- PROBLEM DETAILS -
Read the lines below. Copy out any that hold the string "setminus".

GIVEN DATA START

(* Let $A\subset\mathbb{R}^p$ be compact with $\mathcal{H}_d(A)<\infty$, and let $B\subset A\setminus\mathrm{clos}(A^c_{\rm bi})$ be nonempty and open relative to $A$. For every $\varepsilon>0$ there exists a pairwise disjoint collection $\mathcal{X}_\varepsilon=\{Q_\alpha\}$ of closed sets $Q_\alpha=B[x_\alpha,\rho_\alpha]\cap A$ such that $\mathcal{H}_d(B\setminus\bigcup_{Q_\alpha\in\mathcal{X}_\varepsilon}Q_\alpha)=0$, and such that for each $\alpha$: $\rho_\alpha<\varepsilon$, and there is a bi-Lipschitz map $\varphi_\alpha$ with constant $1+\varepsilon$ mapping $Q_\alpha$ onto $\tilde Q_\alpha:=\varphi_\alpha(Q_\alpha)\subset\mathbb{R}^d$ with $\mathcal{L}_d(\partial\tilde Q_\alpha)=0$ and $\tilde Q_\alpha\supset B[\varphi_\alpha(x_\alpha),\rho_\alpha/(1+\varepsilon)]$. Moreover, for every $\varepsilon>0$ and $\gamma>0$ there is a finite subcollection $\mathcal{X}_{\varepsilon,\gamma}\subset\mathcal{X}_\varepsilon$ with $\mathcal{H}_d(B\setminus\bigcup_{Q_\alpha\in\mathcal{X}_{\varepsilon,\gamma}}Q_\alpha)<\gamma$.
   Context: $\mathcal{H}_d$ is $d$-dimensional Hausdorff measure; $B[x,r]$ is the closed ball; $\mathcal{L}_d$ is Lebesgue measure on $\mathbb{R}^d$. A map $\varphi$ is bi-Lipschitz with constant $C$ if $C^{-1}|x-y|\le|\varphi(x)-\varphi(y)|\le C|x-y|$. $A$ is $d$-bi-Lipschitz at $x\in A$ if for every $\varepsilon>0$ there are $\delta>0$ and a bi-Lipschitz $\varphi:B(x,\delta)\cap A\to\mathbb{R}^d$ with constant $1+\varepsilon$ whose image is open in $\mathbb{R}^d$; $A_{\rm bi}$ is the set of such $x$, and $A^c_{\rm bi}=A\setminus A_{\rm bi}$. *)

theory Defs
  imports "HOL-Analysis.Analysis"
begin

definition hausdorff_pre :: "nat \<Rightarrow> real \<Rightarrow> 'a::metric_space set \<Rightarrow> ennreal" where
  "hausdorff_pre d \<delta> E =
     (INF C \<in> {C :: nat \<Rightarrow> 'a set. E \<subseteq> (\<Union>i. C i) \<and> (\<forall>i. bounded (C i) \<and> diameter (C i) \<le> \<delta>)}.
        (\<Sum>i. ennreal (unit_ball_vol (real d) * (diameter (C i) / 2) ^ d)))"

GIVEN DATA END

- RESULT OF THE EXERCISE -
(* Let $A\subset\mathbb{R}^p$ be compact with $\mathcal{H}_d(A)<\infty$, and let $B\subset A\setminus\mathrm{clos}(A^c_{\rm bi})$ be nonempty and open relative to $A$. For every $\varepsilon>0$ there exists a pairwise disjoint collection $\mathcal{X}_\varepsilon=\{Q_\alpha\}$ of closed sets $Q_\alpha=B[x_\alpha,\rho_\alpha]\cap A$ such that $\mathcal{H}_d(B\setminus\bigcup_{Q_\alpha\in\mathcal{X}_\varepsilon}Q_\alpha)=0$, and such that for each $\alpha$: $\rho_\alpha<\varepsilon$, and there is a bi-Lipschitz map $\varphi_\alpha$ with constant $1+\varepsilon$ mapping $Q_\alpha$ onto $\tilde Q_\alpha:=\varphi_\alpha(Q_\alpha)\subset\mathbb{R}^d$ with $\mathcal{L}_d(\partial\tilde Q_\alpha)=0$ and $\tilde Q_\alpha\supset B[\varphi_\alpha(x_\alpha),\rho_\alpha/(1+\varepsilon)]$. Moreover, for every $\varepsilon>0$ and $\gamma>0$ there is a finite subcollection $\mathcal{X}_{\varepsilon,\gamma}\subset\mathcal{X}_\varepsilon$ with $\mathcal{H}_d(B\setminus\bigcup_{Q_\alpha\in\mathcal{X}_{\varepsilon,\gamma}}Q_\alpha)<\gamma$.
   Context: $\mathcal{H}_d$ is $d$-dimensional Hausdorff measure; $B[x,r]$ is the closed ball; $\mathcal{L}_d$ is Lebesgue measure on $\mathbb{R}^d$. A map $\varphi$ is bi-Lipschitz with constant $C$ if $C^{-1}|x-y|\le|\varphi(x)-\varphi(y)|\le C|x-y|$. $A$ is $d$-bi-Lipschitz at $x\in A$ if for every $\varepsilon>0$ there are $\delta>0$ and a bi-Lipschitz $\varphi:B(x,\delta)\cap A\to\mathbb{R}^d$ with constant $1+\varepsilon$ whose image is open in $\mathbb{R}^d$; $A_{\rm bi}$ is the set of such $x$, and $A^c_{\rm bi}=A\setminus A_{\rm bi}$. *)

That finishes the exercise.